Since the ```$512``` fares appear to be outliers, let's replace them with ```$213```, since it is the second highest value and much closer to the other data points.

In [None]:
for idx in df.index:
    if df.loc[idx].Fare > 500:
        df.set_value(idx, 'Fare', 263.0000)

### Dealing with Missing Data
When deciding how to handle missing values, it is important to know how prevalent they are in your data. Let's use ```pandas``` to find out how many ```Cabin``` values are missing from our data set.

__=>__ Use ```pandas``` to get the sum of all the null values in the ```Cabin``` column.

Documentation:    
http://pandas.pydata.org/pandas-docs/stable/generated/pandas.isnull.html    
http://pandas.pydata.org/pandas-docs/stable/generated/pandas.DataFrame.sum.html

In [None]:
# Sum the number of null Cabin values.

### Deleting a Feature


__=>__ Since most of the ```Cabin``` values are missing, let's use ```pandas``` to drop the column. We will also drop the ```Ticket``` column, since as we saw earlier, it contains of a mix of text and numeric data that doesn't appear to contain any useful information. *HINT: remember to set ```axis=1```.*

Documentation:  
http://pandas.pydata.org/pandas-docs/stable/generated/pandas.DataFrame.drop.html  
https://chrisalbon.com/python/pandas_dropping_column_and_rows.html

In [None]:
# Use pandas to drop the Cabin and Ticket columns.
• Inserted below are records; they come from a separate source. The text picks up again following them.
text \<open>
  For fixed data, the posterior weight of \<open>M = m\<close> is at most its ratio to the weight of \<open>m^*_\<epsilon>\<close>,
  which is \<open>exp ((N_m - N_{m^*} - 3 C (m - m^*)) / 2)\<close> with the statistic
  \<open>N_k = \<Sum>_{j\<le>k} w_j (Y_j - \<lambda>_j \<eta>_j)^2 / \<epsilon>\<close>, \<open>w_j = \<sigma>_j \<lambda>_j^2 / \<epsilon> \<in> (0, 1]\<close>.
  Its expectation factorises into one-dimensional Gaussian moments
  \<open>E exp (c (Y - b)^2) = exp (c (\<mu> - b)^2 / (1 - 2 c \<epsilon>)) / \<surd>(1 - 2 c \<epsilon>)\<close>.
  For \<open>m < m^-\<close> the bias of the coordinates \<open>m < j \<le> m^*\<close> exceeds a large multiple of \<open>\<Phi>^*\<close>,
  and Assumption A keeps a fixed fraction of it in the statistic, so the expected weight is at most
  \<open>exp (-C (1 \<or> r) m^* / 5)\<close>. For \<open>m > m^+\<close> one bounds the weight by the square root of the ratio,
  and the penalty \<open>3 C (m - m^*)\<close> beats the signal of the coordinates beyond \<open>m^*\<close>, which Assumption E
  bounds by the tail bias. Summing over at most \<open>G_\<epsilon>\<close> dimensions gives the factor \<open>G_\<epsilon>\<close>.
\<close>

lemma normal_density_mult_exp_square:
  fixes sd c b \<mu> y :: real
  assumes sd: "0 < sd" and k: "0 < 1 - 2 * c * sd^2"
  shows "normal_density \<mu> sd y * exp (c * (y - b)^2) =
    exp (c * (\<mu> - b)^2 / (1 - 2 * c * sd^2)) / sqrt (1 - 2 * c * sd^2) *
    normal_density ((\<mu> - 2 * c * sd^2 * b) / (1 - 2 * c * sd^2)) (sd / sqrt (1 - 2 * c * sd^2)) y"
proof -
  define t where "t = 2 * c * sd^2"
  have t: "0 < 1 - t" using k by (simp add: t_def)
  have completed_square: "- ((y - \<mu>)^2) / (2 * sd^2) + c * (y - b)^2 =
      - ((y - (\<mu> - t * b) / (1 - t))^2) / (2 * (sd / sqrt (1 - t))^2) + c * (\<mu> - b)^2 / (1 - t)"
  proof -
    have sq: "(sd / sqrt (1 - t))^2 = sd^2 / (1 - t)" using t by (simp add: power_divide)
    have c: "c = t / (2 * sd^2)" using sd by (simp add: t_def)
    show ?thesis unfolding sq c using sd t
      by (simp add: field_simps) (simp add: algebra_simps power2_eq_square)
  qed
  have norm_const: "1 / sqrt (2 * pi * (sd / sqrt (1 - t))^2) = sqrt (1 - t) / sqrt (2 * pi * sd^2)"
    using t sd by (simp add: power_divide real_sqrt_divide field_simps)
  have "normal_density \<mu> sd y * exp (c * (y - b)^2) =
      1 / sqrt (2 * pi * sd^2) * exp (- ((y - \<mu>)^2) / (2 * sd^2) + c * (y - b)^2)"
    unfolding normal_density_def exp_add by simp
  also have "\<dots> = exp (c * (\<mu> - b)^2 / (1 - t)) / sqrt (1 - t) *
      normal_density ((\<mu> - t * b) / (1 - t)) (sd / sqrt (1 - t)) y"
    unfolding completed_square exp_add normal_density_def norm_const using t by (simp add: field_simps)
  finally show ?thesis by (simp add: t_def)
qed

lemma nn_integral_normal_density: "0 < s \<Longrightarrow> (\<integral>\<^sup>+y. ennreal (normal_density m s y) \<partial>lborel) = 1"
  by (subst nn_integral_eq_integral) auto

lemma nn_integral_exp_square_normal:
  fixes sd c b \<mu> :: real
  assumes sd: "0 < sd" and k: "0 < 1 - 2 * c * sd^2"
  shows "(\<integral>\<^sup>+y. ennreal (exp (c * (y - b)^2)) \<partial>density lborel (normal_density \<mu> sd))
     = ennreal (exp (c * (\<mu> - b)^2 / (1 - 2 * c * sd^2)) / sqrt (1 - 2 * c * sd^2))"
proof -
  define K where "K = exp (c * (\<mu> - b)^2 / (1 - 2 * c * sd^2)) / sqrt (1 - 2 * c * sd^2)"
  have K: "0 \<le> K" using k by (simp add: K_def)
  have "(\<integral>\<^sup>+y. ennreal (exp (c * (y - b)^2)) \<partial>density lborel (normal_density \<mu> sd))
     = (\<integral>\<^sup>+y. ennreal (normal_density \<mu> sd y) * ennreal (exp (c * (y - b)^2)) \<partial>lborel)"
    by (simp add: nn_integral_density)
  also have "\<dots> = (\<integral>\<^sup>+y. ennreal K * ennreal (normal_density ((\<mu> - 2 * c * sd^2 * b) / (1 - 2 * c * sd^2))
                                        (sd / sqrt (1 - 2 * c * sd^2)) y) \<partial>lborel)"
    by (intro nn_integral_cong) (simp add: ennreal_mult''[symmetric] ennreal_mult[symmetric] K
        normal_density_mult_exp_square[OF sd k] K_def)
  also have "\<dots> = ennreal K"
    using sd k by (simp add: nn_integral_cmult nn_integral_normal_density)
  finally show ?thesis by (simp add: K_def)
qed

lemma nn_integral_PiM_UNIV_prod:
  fixes M :: "nat \<Rightarrow> real measure" and f :: "nat \<Rightarrow> real \<Rightarrow> ennreal"
  assumes P: "\<And>i. prob_space (M i)" and J: "finite J"
    and f: "\<And>i. i \<in> J \<Longrightarrow> f i \<in> borel_measurable (M i)"
  shows "(\<integral>\<^sup>+x. (\<Prod>i\<in>J. f i (x i)) \<partial>PiM UNIV M) = (\<Prod>i\<in>J. integral\<^sup>N (M i) (f i))"
proof -
  interpret product_prob_space M UNIV
    using P by (simp add: product_prob_space_def product_sigma_finite_def
        prob_space_imp_sigma_finite product_prob_space_axioms_def)
  have meas: "(\<lambda>x. \<Prod>i\<in>J. f i (x i)) \<in> borel_measurable (PiM J M)"
  proof (intro borel_measurable_prod_ennreal)
    fix i assume i: "i \<in> J"
    show "(\<lambda>x. f i (x i)) \<in> borel_measurable (PiM J M)"
      by (rule measurable_compose[OF measurable_component_singleton[OF i, of M] f[OF i]])
  qed
  have "(\<Prod>i\<in>J. integral\<^sup>N (M i) (f i)) = (\<integral>\<^sup>+x. (\<Prod>i\<in>J. f i (x i)) \<partial>PiM J M)"
    using product_nn_integral_prod[OF J f] by simp
  also have "\<dots> = (\<integral>\<^sup>+x. (\<Prod>i\<in>J. f i (x i)) \<partial>distr (PiM UNIV M) (PiM J M) (\<lambda>x. restrict x J))"
    using distr_PiM_restrict_finite[OF J] by simp
  also have "\<dots> = (\<integral>\<^sup>+x. (\<Prod>i\<in>J. f i (restrict x J i)) \<partial>PiM UNIV M)"
    using meas by (intro nn_integral_distr measurable_restrict_subset) simp_all
  also have "\<dots> = (\<integral>\<^sup>+x. (\<Prod>i\<in>J. f i (x i)) \<partial>PiM UNIV M)"
    by (intro nn_integral_cong prod.cong) auto
  finally show ?thesis by simp
qed

lemma exp_squares_measurable:
  "(\<lambda>Y. K * (\<Prod>j\<in>J. exp (c j * (Y j - b j)^2))) \<in> borel_measurable (data_law lam eps theta)"
  unfolding data_law_def by measurable

lemma nn_integral_data_law_exp_squares_le:
  fixes lam theta c b g :: "nat \<Rightarrow> real" and eps K :: real
  assumes eps: "0 < eps" and J: "finite J" and K: "0 \<le> K"
    and c: "\<And>j. j \<in> J \<Longrightarrow> 0 < 1 - 2 * c j * eps"
    and g: "\<And>j. j \<in> J \<Longrightarrow>
      exp (c j * (lam j * theta j - b j)^2 / (1 - 2 * c j * eps)) / sqrt (1 - 2 * c j * eps) \<le> g j"
  shows "(\<integral>\<^sup>+Y. ennreal (K * (\<Prod>j\<in>J. exp (c j * (Y j - b j)^2))) \<partial>data_law lam eps theta)
     \<le> ennreal (K * (\<Prod>j\<in>J. g j))"
proof -
  define M where "M = (\<lambda>j. density lborel (normal_density (lam j * theta j) (sqrt eps)))"
  define m where "m = (\<lambda>j. exp (c j * (lam j * theta j - b j)^2 / (1 - 2 * c j * eps)) / sqrt (1 - 2 * c j * eps))"
  have M: "\<And>j. prob_space (M j)" unfolding M_def by (rule prob_space_normal_density) (simp add: eps)
  have data_law: "data_law lam eps theta = PiM UNIV M" by (simp add: data_law_def M_def)
  have fm: "\<And>j. (\<lambda>y. ennreal (exp (c j * (y - b j)^2))) \<in> borel_measurable (M j)"
    unfolding M_def by simp
  have meas: "(\<lambda>Y. \<Prod>j\<in>J. ennreal (exp (c j * (Y j - b j)^2))) \<in> borel_measurable (PiM UNIV M)"
    by (intro borel_measurable_prod_ennreal measurable_compose[OF measurable_component_singleton[of _ UNIV M] fm]) simp
  have m: "\<And>j. j \<in> J \<Longrightarrow> 0 \<le> m j"
    using c by (force simp: m_def intro!: divide_nonneg_nonneg)
  have moment: "integral\<^sup>N (M j) (\<lambda>y. ennreal (exp (c j * (y - b j)^2))) = ennreal (m j)" if j: "j \<in> J" for j
  proof -
    have "0 < 1 - 2 * c j * (sqrt eps)^2" using c[OF j] eps by simp
    then show ?thesis
      unfolding M_def m_def using nn_integral_exp_square_normal[of "sqrt eps"] eps by simp
  qed
  have "(\<integral>\<^sup>+Y. ennreal (K * (\<Prod>j\<in>J. exp (c j * (Y j - b j)^2))) \<partial>data_law lam eps theta)
     = ennreal K * (\<integral>\<^sup>+Y. (\<Prod>j\<in>J. ennreal (exp (c j * (Y j - b j)^2))) \<partial>PiM UNIV M)"
    unfolding data_law by (subst nn_integral_cmult[OF meas, symmetric])
      (auto intro!: nn_integral_cong simp: ennreal_mult K prod_nonneg prod_ennreal)
  also have "\<dots> = ennreal K * (\<Prod>j\<in>J. ennreal (m j))"
    by (simp add: nn_integral_PiM_UNIV_prod[OF M J fm] moment)
  also have "\<dots> = ennreal (K * (\<Prod>j\<in>J. m j))"
    using m K by (simp add: prod_ennreal ennreal_mult prod_nonneg)
  also have "\<dots> \<le> ennreal (K * (\<Prod>j\<in>J. g j))"
    using m g K by (intro ennreal_leI mult_left_mono prod_mono) (auto simp: m_def)
  finally show ?thesis .
qed

lemma integral_le_sum_of_nn_integral_bounds:
  fixes F :: "'a \<Rightarrow> real" and B :: "nat \<Rightarrow> 'a \<Rightarrow> real" and \<beta> :: "nat \<Rightarrow> real"
  assumes S: "finite S" and F_nonneg: "\<And>x. 0 \<le> F x"
    and F_le: "\<And>x. F x \<le> (\<Sum>m\<in>S. B m x)"
    and B_nonneg: "\<And>m x. 0 \<le> B m x"
    and B_meas: "\<And>m. m \<in> S \<Longrightarrow> B m \<in> borel_measurable P"
    and B_int: "\<And>m. m \<in> S \<Longrightarrow> (\<integral>\<^sup>+x. ennreal (B m x) \<partial>P) \<le> ennreal (\<beta> m)"
    and \<beta>: "\<And>m. 0 \<le> \<beta> m"
  shows "integral\<^sup>L P F \<le> (\<Sum>m\<in>S. \<beta> m)"
proof (cases "integrable P F")
  case False
  then show ?thesis by (simp add: not_integrable_integral_eq sum_nonneg \<beta>)
next
  case True
  have "(\<integral>\<^sup>+x. ennreal (F x) \<partial>P) \<le> (\<integral>\<^sup>+x. (\<Sum>m\<in>S. ennreal (B m x)) \<partial>P)"
  proof (rule nn_integral_mono)
    fix x
    have "ennreal (F x) \<le> ennreal (\<Sum>m\<in>S. B m x)" using F_le by (rule ennreal_leI)
    then show "ennreal (F x) \<le> (\<Sum>m\<in>S. ennreal (B m x))" by (simp add: B_nonneg)
  qed
  also have "\<dots> = (\<Sum>m\<in>S. (\<integral>\<^sup>+x. ennreal (B m x) \<partial>P))"
    by (rule nn_integral_sum) (auto intro!: measurable_compose[OF B_meas])
  also have "\<dots> \<le> (\<Sum>m\<in>S. ennreal (\<beta> m))"
    by (intro sum_mono B_int)
  also have "\<dots> = ennreal (\<Sum>m\<in>S. \<beta> m)" by (simp add: \<beta>)
  finally have "(\<integral>\<^sup>+x. ennreal (F x) \<partial>P) \<le> ennreal (\<Sum>m\<in>S. \<beta> m)" .
  moreover have "integral\<^sup>L P F = enn2real (\<integral>\<^sup>+x. ennreal (F x) \<partial>P)"
    using True by (intro integral_eq_nn_integral) (auto simp: F_nonneg)
  ultimately show ?thesis by (simp add: enn2real_leI sum_nonneg \<beta>)
qed

lemma shrinkage_term_eq:
  fixes l e t et y :: real
  assumes "l \<noteq> 0" "0 < t" "0 < e"
  shows "((1 / (l^2 / e + 1 / t)) * (et / t + l * y / e) - et)^2 / (1 / (l^2 / e + 1 / t))
     = (1 / (l^2 / e + 1 / t)) * l^2 / e * (y - l * et)^2 / e"
proof -
  define s where "s = 1 / (l^2 / e + 1 / t)"
  have "0 < l^2 / e + 1 / t" using assms by (simp add: add_pos_pos)
  then have s: "0 < s" "s * (l^2 / e + 1 / t) = 1" by (simp_all add: s_def)
  have st: "s / t = 1 - s * l^2 / e" using s(2) by (simp add: field_simps)
  have "s * (et / t + l * y / e) - et = et * (s / t) + s * l * y / e - et"
    by (simp add: algebra_simps)
  also have "\<dots> = s * l * (y - l * et) / e"
    unfolding st using assms by (simp add: field_simps power2_eq_square)
  finally have eq: "s * (et / t + l * y / e) - et = s * l * (y - l * et) / e" .
  show ?thesis
    unfolding s_def[symmetric] eq using s assms by (simp add: power2_eq_square field_simps)
qed

lemma sig_norm_sq_eq:
  assumes lam: "\<And>j. 1 \<le> j \<Longrightarrow> lam j \<noteq> 0" and tau: "\<And>j. 1 \<le> j \<Longrightarrow> 0 < tau j" and eps: "0 < eps"
  shows "sig_norm_sq lam eps eta tau Y m =
     (\<Sum>j=1..m. sig lam eps tau j * (lam j)^2 / eps * (Y j - lam j * eta j)^2 / eps)"
  unfolding sig_norm_sq_def
proof (intro sum.cong refl)
  fix j assume j: "j \<in> {1..m}"
  then show "(theta_hat lam eps eta tau Y m j - eta j)^2 / sig lam eps tau j =
     sig lam eps tau j * (lam j)^2 / eps * (Y j - lam j * eta j)^2 / eps"
    using shrinkage_term_eq[OF lam tau eps, of j j "eta j" "Y j"]
    by (simp add: theta_hat_def thetaY_def sig_def)
qed

lemma sum_atLeastAtMost_split_Ioc:
  fixes q :: "nat \<Rightarrow> real"
  assumes "m \<le> n"
  shows "(\<Sum>j=1..n. q j) = (\<Sum>j=1..m. q j) + (\<Sum>j\<in>{m<..n}. q j)"
proof -
  have "{1..n} = {1..m} \<union> {m<..n}" using assms by auto
  moreover have "{1..m} \<inter> {m<..n} = {}" by auto
  ultimately show ?thesis by (simp add: sum.union_disjoint)
qed

lemma normalised_exp_weight_le_below:
  fixes N q :: "nat \<Rightarrow> real" and C :: real
  assumes N: "\<And>k. N k = (\<Sum>j=1..k. q j)" and m: "1 \<le> m" "m < m'" and G: "m' \<le> G"
  shows "exp ((N m - 3 * C * real m) / 2) / (\<Sum>k=1..G. exp ((N k - 3 * C * real k) / 2))
     \<le> exp (3 * C * (real m' - real m) / 2) * (\<Prod>j\<in>{m<..m'}. exp (- q j / 2))"
proof -
  let ?E = "\<lambda>k. exp ((N k - 3 * C * real k) / 2)"
  have E_le: "?E m' \<le> (\<Sum>k=1..G. ?E k)"
    by (rule member_le_sum) (use m G in auto)
  then have "0 < (\<Sum>k=1..G. ?E k)" by (rule less_le_trans[OF exp_gt_zero])
  then have "?E m / (\<Sum>k=1..G. ?E k) \<le> ?E m / ?E m'"
    using E_le by (intro divide_left_mono) auto
  also have "\<dots> = exp ((N m - N m' + 3 * C * (real m' - real m)) / 2)"
    by (simp add: exp_diff[symmetric] diff_divide_distrib algebra_simps)
  also have "N m - N m' = (\<Sum>j\<in>{m<..m'}. - q j)"
    using sum_atLeastAtMost_split_Ioc[of m m' q] m by (simp add: N sum_negf)
  also have "exp (((\<Sum>j\<in>{m<..m'}. - q j) + 3 * C * (real m' - real m)) / 2)
      = exp (3 * C * (real m' - real m) / 2) * (\<Prod>j\<in>{m<..m'}. exp (- q j / 2))"
    by (simp add: exp_sum[symmetric] exp_add[symmetric] add_divide_distrib sum_divide_distrib)
  finally show ?thesis .
qed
### Filling in Missing Data
While the ```Age``` column also contains null values, it is missing far fewer than the ```Cabin``` column, so we will fill those in rather than drop the column. The simplest approach, which we'll use here, is to replace the null values with the mean age of the passengers.

__=>__ First use ```pandas``` to calculate and save the mean age of the passengers. Then replace the null values in the ```Age``` column with that number.

Documentation:  
http://pandas.pydata.org/pandas-docs/stable/generated/pandas.DataFrame.mean.html     
http://pandas.pydata.org/pandas-docs/stable/generated/pandas.DataFrame.fillna.html

In [None]:
# First, use pandas to find the mean age of the passengers: mean_age
mean_age = 

# ...and then fill in the null Age values with mean_age.

In [None]:
# Check that there are no more null values in the Age column.

### Save Your Work
...you will need it in a few weeks!

In [None]:
import pandas.io.sql as pd_sql
import sqlite3 as sql

# Create a sqlite3 database to store the data.
con = sql.connect('titanic.db') 

__=>__ Use ```pandas``` to write your ```DataFrame``` to the ```sqlite``` database.

Documenation: http://pandas.pydata.org/pandas-docs/stable/generated/pandas.DataFrame.to_sql.html

In [None]:
# Use pandas to save your dataframe to a sqlite database name 'training_data'.